Mother Linzi Mcmillan and baby Sam.
Mother Linzi Mcmillan and baby Sam.

A MUM claims she was told not once, but twice, her now four-month-old baby was not “viable” during her pregnancy.

Calling on other mums not to take no for an answer, Linzi Mcmillan (26) of Alness, says staff in Inverness’s Raigmore Hospital told her at 12 and 20 weeks pregnant that her baby would not survive.

However, defying all odds, at 26 weeks she gave birth to Sam on June 10 weighing in at just 2lbs 2oz.

Ms Mcmillan said that if she had not fought, her son would not be here – and advised other mums to do the same.

For Ms Mcmillan it was a chance conversation with a member of the maternity team in Raigmore that probably helped to save her son’s life.

Ms Mcmillan said: “I had a serious bleed when I was 12 weeks into my pregnancy and I went to hospital in Inverness. I was told that my cervix had opened and my baby was not viable. I was hysterical.

“I felt so unsupported by the staff. Someone earlier in the day mentioned that a cervix can be stitched or sutured to help close it.”

After trying cervical pessaries, Ms Mcmillan claims she got an admission by staff that they were not “skilled” in the suture procedure.

She said: “I found my voice. I didn’t see eye to eye with the consultant. I was determined not to let one person’s lack of skill take away from my baby’s right to life.”

A few days later Ms Mcmillan was assigned a new consultant who carried out the procedure and things improved.

But a road accident when she was 20 weeks pregnant saw her rushed to hospital. This time there were serious consequences.

She said: “It was a really frightening time, I was told that my baby would likely need to be delivered, and again Raigmore told me that my baby would not survive.

“I didn’t take no for an answer for a second time.

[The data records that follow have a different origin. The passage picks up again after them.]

(* Every partition $\pi\in\mathcal P$ is first-order definable in $\mathbf Y^*=\langle\mathcal P,\le,[1]+[1]\rangle$, i.e. for each $\pi$ there is a first-order formula $\phi_\pi(x)$ in the language $\{\le,[1]+[1]\}$ satisfied in $\mathbf Y^*$ exactly by $\pi$. Consequently, the conjugation map $\pi\mapsto\pi^\partial$ is the unique nontrivial automorphism of Young's lattice $\mathbf Y=\langle\mathcal P,\le\rangle$.
   Context: $\mathcal P$ is the set of all integer partitions, including the empty partition $\emptyset$; a partition is a nonincreasing finite sequence $(n_1,\dots,n_t)$ of positive integers. $[1]+[1]$ denotes the partition $(1,1)$. Young's lattice is $\mathbf Y=\langle\mathcal P,\le\rangle$ where $(s_1,\dots,s_r)\le(n_1,\dots,n_t)$ iff $r\le t$ and $s_i\le n_i$ for all $i\le r$ (containment of Young diagrams). $\mathbf Y^*$ is $\mathbf Y$ expanded by a constant symbol interpreted as $(1,1)$. The conjugate $\pi^\partial$ of $\pi$ is the partition whose Young diagram is the transpose of that of $\pi$. *)

theory Defs
  imports Main
begin

definition partitions :: "nat list set" where
  "partitions = {xs. sorted_wrt (\<ge>) xs \<and> (\<forall>x\<in>set xs. 0 < x)}"

definition young_le :: "nat list \<Rightarrow> nat list \<Rightarrow> bool" where
  "young_le s n \<longleftrightarrow> length s \<le> length n \<and> (\<forall>i<length s. s ! i \<le> n ! i)"

text \<open>The constant of Y*: the partition [1]+[1] = (1,1).\<close>

definition one_one :: "nat list" where
  "one_one = [1, 1]"

definition conjugate :: "nat list \<Rightarrow> nat list" where
  "conjugate p = map (\<lambda>j. length (filter (\<lambda>a. j < a) p)) [0..<(case p of [] \<Rightarrow> 0 | a # _ \<Rightarrow> a)]"

datatype trm = Var nat | Cst

datatype fm =
    FLe trm trm
  | FEq trm trm
  | FNeg fm
  | FConj fm fm
  | FEx nat fm

fun trm_vars :: "trm \<Rightarrow> nat set" where
  "trm_vars (Var v) = {v}"
| "trm_vars Cst = {}"

fun free_vars :: "fm \<Rightarrow> nat set" where
  "free_vars (FLe s t) = trm_vars s \<union> trm_vars t"
| "free_vars (FEq s t) = trm_vars s \<union> trm_vars t"
| "free_vars (FNeg f) = free_vars f"
| "free_vars (FConj f g) = free_vars f \<union> free_vars g"
| "free_vars (FEx v f) = free_vars f - {v}"

fun trm_eval :: "(nat \<Rightarrow> nat list) \<Rightarrow> trm \<Rightarrow> nat list" where
  "trm_eval e (Var v) = e v"
| "trm_eval e Cst = one_one"

fun sat :: "(nat \<Rightarrow> nat list) \<Rightarrow> fm \<Rightarrow> bool" where
  "sat e (FLe s t) = young_le (trm_eval e s) (trm_eval e t)"
| "sat e (FEq s t) = (trm_eval e s = trm_eval e t)"
| "sat e (FNeg f) = (\<not> sat e f)"
| "sat e (FConj f g) = (sat e f \<and> sat e g)"
| "sat e (FEx v f) = (\<exists>p\<in>partitions. sat (e(v := p)) f)"

definition young_aut :: "(nat list \<Rightarrow> nat list) \<Rightarrow> bool" where
  "young_aut f \<longleftrightarrow> bij_betw f partitions partitions \<and>
     (\<forall>x\<in>partitions. \<forall>y\<in>partitions. young_le x y \<longleftrightarrow> young_le (f x) (f y))"

end

(*
  Rows (n) and columns (1^n) are definable from the constant (1,1): the partitions with at most one
  part are those not above (1,1), and with the row (2) at hand, the columns are those not above (2);
  successive rows and columns are then obtained as least elements. A rectangle (b^a) is the largest
  partition lying above neither (b+1) nor (1^(a+1)), and (p_1,...,p_k) is the join of the rectangles
  (p_i^i). So every partition is defined by a formula, and an automorphism fixing (1,1) preserves
  all formulas, hence is the identity. Without the constant, {(2),(1,1)} is still definable as the set
  of minimal partitions not below (1); so every automorphism f fixes (1,1), or maps it to (2), in
  which case conjugation after f fixes (1,1).
*)

theory Submission
  imports Defs "HOL-Library.More_List"
begin

section \<open>Young's lattice\<close>

lemma partitions_nth_antimono:
  "p \<in> partitions \<Longrightarrow> i \<le> j \<Longrightarrow> j < length p \<Longrightarrow> p ! j \<le> p ! i"
  unfolding partitions_def
  by (metis (mono_tags, lifting) le_eq_less_or_eq mem_Collect_eq order_refl sorted_wrt_nth_less)

lemma partitions_nth_pos: "p \<in> partitions \<Longrightarrow> i < length p \<Longrightarrow> 0 < p ! i"
  unfolding partitions_def by auto

lemma partitions_le_hd: "p \<in> partitions \<Longrightarrow> a \<in> set p \<Longrightarrow> a \<le> hd p"
  by (cases p) (auto simp: partitions_def)

lemma Nil_in_partitions [simp]: "[] \<in> partitions"
  by (simp add: partitions_def)

lemma singleton_in_partitions [simp]: "[n] \<in> partitions \<longleftrightarrow> 0 < n"
  by (simp add: partitions_def)

lemma replicate_in_partitions: "0 < b \<Longrightarrow> replicate a b \<in> partitions"
  by (auto simp: partitions_def sorted_wrt_iff_nth_less)

lemma one_one_in_partitions: "one_one \<in> partitions"
  by (simp add: one_one_def partitions_def)

lemma snoc_in_partitionsD: "xs @ [x] \<in> partitions \<Longrightarrow> xs \<in> partitions \<and> 0 < x"
  by (auto simp: partitions_def sorted_wrt_append)

lemma young_le_refl: "young_le x x"
  by (simp add: young_le_def)

lemma young_le_antisym: "young_le x y \<Longrightarrow> young_le y x \<Longrightarrow> x = y"
  unfolding young_le_def by (auto intro!: nth_equalityI intro: order.antisym)

lemma young_le_trans: "young_le x y \<Longrightarrow> young_le y z \<Longrightarrow> young_le x z"
  unfolding young_le_def by (meson le_trans less_le_trans)

lemma Nil_young_le [simp]: "young_le [] x"
  by (simp add: young_le_def)

lemma young_le_Nil_iff [simp]: "young_le x [] \<longleftrightarrow> x = []"
  by (auto simp: young_le_def)

lemma young_le_singleton_iff: "young_le x [n] \<longleftrightarrow> x = [] \<or> (\<exists>m. x = [m] \<and> m \<le> n)"
  by (cases x) (auto simp: young_le_def)

lemma singleton_young_le_iff: "young_le [n] x \<longleftrightarrow> x \<noteq> [] \<and> n \<le> hd x"
  by (cases x) (auto simp: young_le_def)

lemma young_le_replicate_iff:
  "young_le y (replicate a b) \<longleftrightarrow> length y \<le> a \<and> (\<forall>x\<in>set y. x \<le> b)"
  by (auto simp: young_le_def all_set_conv_all_nth)

lemma replicate_one_young_le_iff:
  "y \<in> partitions \<Longrightarrow> young_le (replicate a 1) y \<longleftrightarrow> a \<le> length y"
  using partitions_nth_pos[of y] by (auto simp: young_le_def Suc_le_eq)

lemma not_one_one_young_le_iff:
  assumes "y \<in> partitions" shows "\<not> young_le one_one y \<longleftrightarrow> length y \<le> 1"
  using assms
  by (cases y rule: remdups_adj.cases) (auto simp: partitions_def young_le_def one_one_def less_Suc_eq)

lemma not_singleton_young_le_iff:
  assumes "y \<in> partitions" shows "\<not> young_le [n] y \<longleftrightarrow> (\<forall>x\<in>set y. x < n)"
  using partitions_le_hd[OF assms] by (cases y) (fastforce simp: singleton_young_le_iff)+

lemma not_young_le_one_iff:
  assumes "x \<in> partitions" shows "\<not> young_le x [1] \<longleftrightarrow> young_le [2] x \<or> young_le one_one x"
  using assms
  by (cases x rule: remdups_adj.cases) (auto simp: partitions_def young_le_def one_one_def less_Suc_eq)

section \<open>Conjugation\<close>

lemma young_le_iff_nth_default:
  assumes "x \<in> partitions"
  shows "young_le x y \<longleftrightarrow> (\<forall>i. nth_default 0 x i \<le> nth_default 0 y i)"
proof
  assume "young_le x y"
  then show "\<forall>i. nth_default 0 x i \<le> nth_default 0 y i"
    by (auto simp: young_le_def nth_default_def)
next
  assume le: "\<forall>i. nth_default 0 x i \<le> nth_default 0 y i"
  have "length x \<le> length y"
  proof (rule ccontr)
    assume "\<not> length x \<le> length y"
    then have "0 < nth_default 0 x (length y)"
      using partitions_nth_pos[OF assms] by (simp add: nth_default_def)
    with le[rule_format, of "length y"] show False
      by (simp add: nth_default_beyond)
  qed
  with le show "young_le x y"
    unfolding young_le_def by (metis nth_default_nth order_less_le_trans)
qed

lemma nth_default_antimono:
  "p \<in> partitions \<Longrightarrow> k \<le> k' \<Longrightarrow> nth_default 0 p k' \<le> nth_default 0 p k"
  using partitions_nth_antimono[of p k k'] by (auto simp: nth_default_def)

lemma finite_nth_default_greater: "finite {k. j < nth_default 0 (p :: nat list) k}"
  unfolding nth_default_def by (rule finite_subset[of _ "{..<length p}"]) (auto split: if_split_asm)

lemma less_card_nth_default_greater_iff:
  assumes p: "p \<in> partitions"
  shows "i < card {k. j < nth_default 0 p k} \<longleftrightarrow> j < nth_default 0 p i"
proof
  assume "j < nth_default 0 p i"
  then have "{..i} \<subseteq> {k. j < nth_default 0 p k}"
    using nth_default_antimono[OF p] by (auto intro: less_le_trans)
  then have "card {..i} \<le> card {k. j < nth_default 0 p k}"
    by (rule card_mono[OF finite_nth_default_greater])
  then show "i < card {k. j < nth_default 0 p k}"
    by simp
next
  assume card: "i < card {k. j < nth_default 0 p k}"
  show "j < nth_default 0 p i"
  proof (rule ccontr)
    assume not_greater: "\<not> j < nth_default 0 p i"
    have "k < i" if "j < nth_default 0 p k" for k
    proof (rule ccontr)
      assume "\<not> k < i"
      then have "nth_default 0 p k \<le> nth_default 0 p i"
        by (simp add: nth_default_antimono[OF p])
      with that not_greater show False
        by simp
    qed
    then have "card {k. j < nth_default 0 p k} \<le> card {..<i}"
      by (intro card_mono) auto
    with card show False
      by simp
  qed
qed

lemma nth_default_conjugate:
  assumes p: "p \<in> partitions"
  shows "nth_default 0 (conjugate p) j = card {i. j < nth_default 0 p i}"
proof -
  have count: "length (filter (\<lambda>a. j < a) p) = card {i. j < nth_default 0 p i}"
    unfolding length_filter_conv_card
    by (rule arg_cong[where f = card]) (auto simp: nth_default_def split: if_splits)
  show ?thesis
  proof (cases p)
    case (Cons a l)
    show ?thesis
    proof (cases "j < a")
      case False
      then have "filter (\<lambda>a. j < a) p = []"
        using partitions_le_hd[OF p] Cons by (fastforce simp: filter_empty_conv)
      with False Cons count show ?thesis by (simp add: conjugate_def nth_default_def)
    qed (use Cons count in \<open>simp add: conjugate_def nth_default_def\<close>)
  qed (simp add: conjugate_def)
qed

I was moved to Aberdeen to the specialist baby unit because I could not get the treatment I needed in Raigmore.”

Ms Mcmillan said: “What I want is for other women to hear my story and know that they should listen to their gut.

“They shouldn’t take no for an answer. Most importantly they should never lose their voice.

“If I had listened to the consultants in Raigmore I would not have baby Sam now.”

A spokesman for NHS Highland said: “We regularly monitor maternity services across our board area to ensure we continue to deliver high-quality, safe care to pregnant women and their babies.

“We have not been contacted and would certainly want to look into it. We would encourage the family to get in touch with our lead midwife so we can investigate this properly. The health board has systems in place to investigate and learn from any adverse events which do occur.”

He said they couldn’t comment on individual cases but that risk assessment is undertaken by doctors and midwives on a case by case basis and throughout pregnancy.